**PROBLEM DETAILS:** Return, from the data that follows, each line that holds the word "else".

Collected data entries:
[Start of Attachment]

(* Let $\mathbf{A}_C\in\{0,1\}^{U\times N}$, $\mathcal{E}=\{(i,j): [\mathbf{A}_C]_{ij}=1\}$, $\mathbf{B}=\mathbf{A}_C^T\mathbf{A}_C$, and let $\mathbf{u}$ be a unit-norm eigenvector of $\mathbf{B}$ with nonnegative entries associated with $\lambda_{\max}(\mathbf{B})$. For $\mathcal{E}_{\mathcal{R}}\subseteq\mathcal{E}$ define $$f(\mathcal{E}_{\mathcal{R}})=2\sum_{(i,j)\in\mathcal{E}_{\mathcal{R}}}\mathbf{u}^T\mathbf{A}_C^T\mathbf{e}^U_i[\mathbf{u}]_j-\sum_{i=1}^{U}\ \sum_{j:(i,j)\in\mathcal{E}_{\mathcal{R}}}\ \sum_{s:(i,s)\in\mathcal{E}_{\mathcal{R}}}[\mathbf{u}]_j[\mathbf{u}]_s .$$ Then $f$ is a monotone (nondecreasing) submodular set function on subsets of $\mathcal{E}$; that is, for all $\mathcal{E}_{\mathcal{R}1}\subseteq\mathcal{E}_{\mathcal{R}2}\subseteq\mathcal{E}$ we have $f(\mathcal{E}_{\mathcal{R}2})\ge f(\mathcal{E}_{\mathcal{R}1})$, and for every $e\in\mathcal{E}\setminus\mathcal{E}_{\mathcal{R}2}$, $$f(\mathcal{E}_{\mathcal{R}2}\cup\{e\})-f(\mathcal{E}_{\mathcal{R}2})\le f(\mathcal{E}_{\mathcal{R}1}\cup\{e\})-f(\mathcal{E}_{\mathcal{R}1}).$$
   Context: $\mathbf{A}_C$ is the adjacency matrix of a bipartite user–host access graph with $U$ users and $N$ hosts; $\mathcal{E}$ is its edge set. $\mathbf{e}^U_i$ is the $U\times1$ canonical basis vector with $1$ in position $i$. $\lambda_{\max}(\mathbf{B})$ is the largest eigenvalue of $\mathbf{B}$; $[\mathbf{u}]_j$ is the $j$-th entry of $\mathbf{u}$. *)

theory Defs
  imports "HOL-Analysis.Analysis"
begin

text \<open>Users are indexed by the finite type 'u (U = CARD('u)), hosts by 'n (N = CARD('n)).
  The access matrix A_C is a real U x N matrix with 0/1 entries.\<close>

definition edge_set :: "real^'n^'u \<Rightarrow> ('u \<times> 'n) set" where
  "edge_set A = {(i, j). A $ i $ j = 1}"

definition is_eigenvalue :: "real^'n^'n \<Rightarrow> real \<Rightarrow> bool" where
  "is_eigenvalue B l \<longleftrightarrow> (\<exists>v. v \<noteq> 0 \<and> B *v v = l *\<^sub>R v)"

text \<open>Largest eigenvalue (B = A^T A is symmetric, so all eigenvalues are real).\<close>
definition lambda_max :: "real^'n^'n \<Rightarrow> real" where
  "lambda_max B = Max {l. is_eigenvalue B l}"

definition basis_vec :: "'u::finite \<Rightarrow> real^'u" where
  "basis_vec i = axis i 1"

definition f_obj :: "real^'n^'u \<Rightarrow> real^'n \<Rightarrow> ('u \<times> 'n) set \<Rightarrow> real" where
  "f_obj A u ER =
     2 * (\<Sum>(i, j)\<in>ER. (u \<bullet> (transpose A *v basis_vec i)) * u $ j)
     - (\<Sum>i\<in>UNIV. \<Sum>j\<in>{j. (i, j) \<in> ER}. \<Sum>s\<in>{s. (i, s) \<in> ER}. u $ j * u $ s)"

end

theory Submission
  imports Defs
begin

text \<open>Writing \<open>S\<^sub>i(E) = \<Sum>\<^bsub>(i,j)\<in>E\<^esub> u\<^sub>j\<close> and \<open>a\<^sub>i = (A\<^sub>C u)\<^sub>i\<close>, the objective splits over users as
  \<open>f(E) = \<Sum>\<^sub>i (2 a\<^sub>i S\<^sub>i(E) - S\<^sub>i(E)\<^sup>2)\<close>. Each summand is a concave quadratic in \<open>S\<^sub>i\<close>, nondecreasing
  on \<open>[0, a\<^sub>i]\<close>, and \<open>S\<^sub>i\<close> is a nonnegative modular function of \<open>E\<close> bounded by \<open>a\<^sub>i\<close> on subsets of the
  edge set. Monotonicity follows, and concavity gives diminishing returns, because adding the
  edge \<open>(k, l)\<close> only raises \<open>S\<^sub>k\<close> by \<open>u\<^sub>l \<ge> 0\<close>.\<close>

definition incident_sum :: "real^'n \<Rightarrow> ('u \<times> 'n) set \<Rightarrow> 'u \<Rightarrow> real" where
  "incident_sum u E i = (\<Sum>j\<in>{j. (i, j) \<in> E}. u $ j)"

lemma inner_transpose_mult_basis_vec:
  fixes A :: "real^'n^'u" and u :: "real^'n"
  shows "u \<bullet> (transpose A *v basis_vec i) = (A *v u) $ i"
proof -
  have "transpose A *v basis_vec i = A $ i"
    by (simp add: vec_eq_iff matrix_vector_mult_def transpose_def basis_vec_def axis_def
        if_distrib cong: if_cong)
  then show ?thesis
    by (simp add: inner_vec_def matrix_vector_mult_def mult.commute)
qed

lemma f_obj_eq_sum_users:
  fixes A :: "real^'n^'u" and u :: "real^'n"
  shows "f_obj A u E =
    (\<Sum>i\<in>UNIV. 2 * (A *v u) $ i * incident_sum u E i - (incident_sum u E i)\<^sup>2)"
proof -
  have "(\<Sum>(i, j)\<in>E. (u \<bullet> (transpose A *v basis_vec i)) * u $ j)
      = (\<Sum>(i, j)\<in>Sigma UNIV (\<lambda>i. {j. (i, j) \<in> E}). (A *v u) $ i * u $ j)"
    using inner_transpose_mult_basis_vec[of u A] by (intro sum.cong) auto
  also have "\<dots> = (\<Sum>i\<in>UNIV. (A *v u) $ i * incident_sum u E i)"
    by (simp add: sum.Sigma[symmetric] incident_sum_def sum_distrib_left)
  finally have linear_part: "(\<Sum>(i, j)\<in>E. (u \<bullet> (transpose A *v basis_vec i)) * u $ j)
      = (\<Sum>i\<in>UNIV. (A *v u) $ i * incident_sum u E i)" .
  have quadratic_part: "(\<Sum>j\<in>{j. (i, j) \<in> E}. \<Sum>s\<in>{s. (i, s) \<in> E}. u $ j * u $ s)
      = (incident_sum u E i)\<^sup>2" for i
    by (simp add: incident_sum_def power2_eq_square sum_product)
  show ?thesis
    unfolding f_obj_def linear_part quadratic_part
    by (simp add: sum_distrib_left sum_subtractf mult.assoc)
qed

lemma incident_sum_nonneg:
  assumes "\<forall>j. u $ j \<ge> 0"
  shows "0 \<le> incident_sum u E i"
  unfolding incident_sum_def using assms by (intro sum_nonneg) auto

lemma incident_sum_mono:
  assumes "E1 \<subseteq> E2" and "\<forall>j. u $ j \<ge> 0"
  shows "incident_sum u E1 i \<le> incident_sum u E2 i"
  unfolding incident_sum_def using assms by (intro sum_mono2) auto

lemma incident_sum_le_mult:
  fixes A :: "real^'n^'u" and u :: "real^'n"
  assumes A01: "\<forall>i j. A $ i $ j \<in> {0, 1}" and nonneg: "\<forall>j. u $ j \<ge> 0"
    and E: "E \<subseteq> edge_set A"
  shows "incident_sum u E i \<le> (A *v u) $ i"
proof -
  have "incident_sum u E i = (\<Sum>j\<in>{j. (i, j) \<in> E}. A $ i $ j * u $ j)"
    unfolding incident_sum_def using E by (intro sum.cong) (auto simp: edge_set_def)
  also have "\<dots> \<le> (\<Sum>j\<in>UNIV. A $ i $ j * u $ j)"
  proof (rule sum_mono2)
    fix j
    have "0 \<le> A $ i $ j"
      using A01[rule_format, of i j] by auto
    then show "0 \<le> A $ i $ j * u $ j"
      using nonneg by simp
  qed auto
  finally show ?thesis
    by (simp add: matrix_vector_mult_def)
qed

lemma incident_sum_insert:
  assumes "(k, l) \<notin> E"
  shows "incident_sum u (E \<union> {(k, l)}) i = incident_sum u E i + (if i = k then u $ l else 0)"
proof (cases "i = k")
  case True
  then have "{j. (i, j) \<in> E \<union> {(k, l)}} = insert l {j. (i, j) \<in> E}"
    and "l \<notin> {j. (i, j) \<in> E}"
    using assms by auto
  then show ?thesis
    using True by (simp add: incident_sum_def)
next
  case False
  then have "{j. (i, j) \<in> E \<union> {(k, l)}} = {j. (i, j) \<in> E}"
    by auto
  then show ?thesis
    using False by (simp add: incident_sum_def)
qed

lemma concave_quadratic_mono:
  fixes a x y :: real
  assumes "0 \<le> x" "x \<le> y" "y \<le> a"
  shows "2 * a * x - x\<^sup>2 \<le> 2 * a * y - y\<^sup>2"
proof -
  have "(2 * a * y - y\<^sup>2) - (2 * a * x - x\<^sup>2) = (y - x) * ((a - x) + (a - y))"
    by (simp add: algebra_simps power2_eq_square)
  also have "\<dots> \<ge> 0"
    using assms by (intro mult_nonneg_nonneg) auto
  finally show ?thesis
    by simp
qed

lemma concave_quadratic_increment_antimono:
  fixes a x y c :: real
  assumes "x \<le> y" "0 \<le> c"
  shows "(2 * a * (y + c) - (y + c)\<^sup>2) - (2 * a * y - y\<^sup>2)
       \<le> (2 * a * (x + c) - (x + c)\<^sup>2) - (2 * a * x - x\<^sup>2)"
proof -
  have "((2 * a * (x + c) - (x + c)\<^sup>2) - (2 * a * x - x\<^sup>2))
      - ((2 * a * (y + c) - (y + c)\<^sup>2) - (2 * a * y - y\<^sup>2)) = 2 * c * (y - x)"
    by (simp add: algebra_simps power2_eq_square)
  also have "\<dots> \<ge> 0"
    using assms by simp
  finally show ?thesis
    by simp
qed

lemma f_obj_mono:
  fixes A :: "real^'n^'u" and u :: "real^'n"
  assumes A01: "\<forall>i j. A $ i $ j \<in> {0, 1}" and nonneg: "\<forall>j. u $ j \<ge> 0"
    and "E1 \<subseteq> E2" and "E2 \<subseteq> edge_set A"
  shows "f_obj A u E1 \<le> f_obj A u E2"
  unfolding f_obj_eq_sum_users
proof (rule sum_mono)
  fix i
  show "2 * (A *v u) $ i * incident_sum u E1 i - (incident_sum u E1 i)\<^sup>2
      \<le> 2 * (A *v u) $ i * incident_sum u E2 i - (incident_sum u E2 i)\<^sup>2"
    using assms
    by (intro concave_quadratic_mono incident_sum_nonneg incident_sum_mono incident_sum_le_mult)
qed

lemma f_obj_insert_diff:
  fixes A :: "real^'n^'u" and u :: "real^'n"
  assumes "(k, l) \<notin> E"
  shows "f_obj A u (E \<union> {(k, l)}) - f_obj A u E =
    (\<Sum>i\<in>UNIV. let s = incident_sum u E i; c = (if i = k then u $ l else 0) in
       (2 * (A *v u) $ i * (s + c) - (s + c)\<^sup>2) - (2 * (A *v u) $ i * s - s\<^sup>2))"
  by (simp only: f_obj_eq_sum_users incident_sum_insert[OF assms] sum_subtractf Let_def)

lemma f_obj_submodular:
  fixes A :: "real^'n^'u" and u :: "real^'n"
  assumes nonneg: "\<forall>j. u $ j \<ge> 0"
    and "E1 \<subseteq> E2" and "e \<notin> E2"
  shows "f_obj A u (E2 \<union> {e}) - f_obj A u E2 \<le> f_obj A u (E1 \<union> {e}) - f_obj A u E1"
proof -
  obtain k l where e: "e = (k, l)"
    by (cases e)
  have notin1: "(k, l) \<notin> E1" and notin2: "(k, l) \<notin> E2"
    using assms e by auto
  show ?thesis
    unfolding e f_obj_insert_diff[OF notin1] f_obj_insert_diff[OF notin2] Let_def
  proof (intro sum_mono concave_quadratic_increment_antimono)
    show "incident_sum u E1 i \<le> incident_sum u E2 i" for i
      using assms by (intro incident_sum_mono)
    show "0 \<le> (if i = k then u $ l else 0)" for i
      using nonneg by simp
  qed
qed

theorem theorem1:
  fixes A :: "real^'n^'u" and u :: "real^'n"
  assumes A01: "\<forall>i j. A $ i $ j \<in> {0, 1}"
    and unit: "norm u = 1"
    and nonneg: "\<forall>j. u $ j \<ge> 0"
    and eig: "(transpose A ** A) *v u = lambda_max (transpose A ** A) *\<^sub>R u"
  shows "(\<forall>E1 E2. E1 \<subseteq> E2 \<and> E2 \<subseteq> edge_set A \<longrightarrow> f_obj A u E2 \<ge> f_obj A u E1)
       \<and> (\<forall>E1 E2 e. E1 \<subseteq> E2 \<and> E2 \<subseteq> edge_set A \<and> e \<in> edge_set A - E2 \<longrightarrow>
            f_obj A u (E2 \<union> {e}) - f_obj A u E2 \<le> f_obj A u (E1 \<union> {e}) - f_obj A u E1)"
  using f_obj_mono[OF A01 nonneg] f_obj_submodular[OF nonneg] by blast

end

[End of Attachment]

**WRITTEN ANSWER:**
  shows "incident_sum u (E \<union> {(k, l)}) i = incident_sum u E i + (if i = k then u $ l else 0)"
    (\<Sum>i\<in>UNIV. let s = incident_sum u E i; c = (if i = k then u $ l else 0) in
    show "0 \<le> (if i = k then u $ l else 0)" for i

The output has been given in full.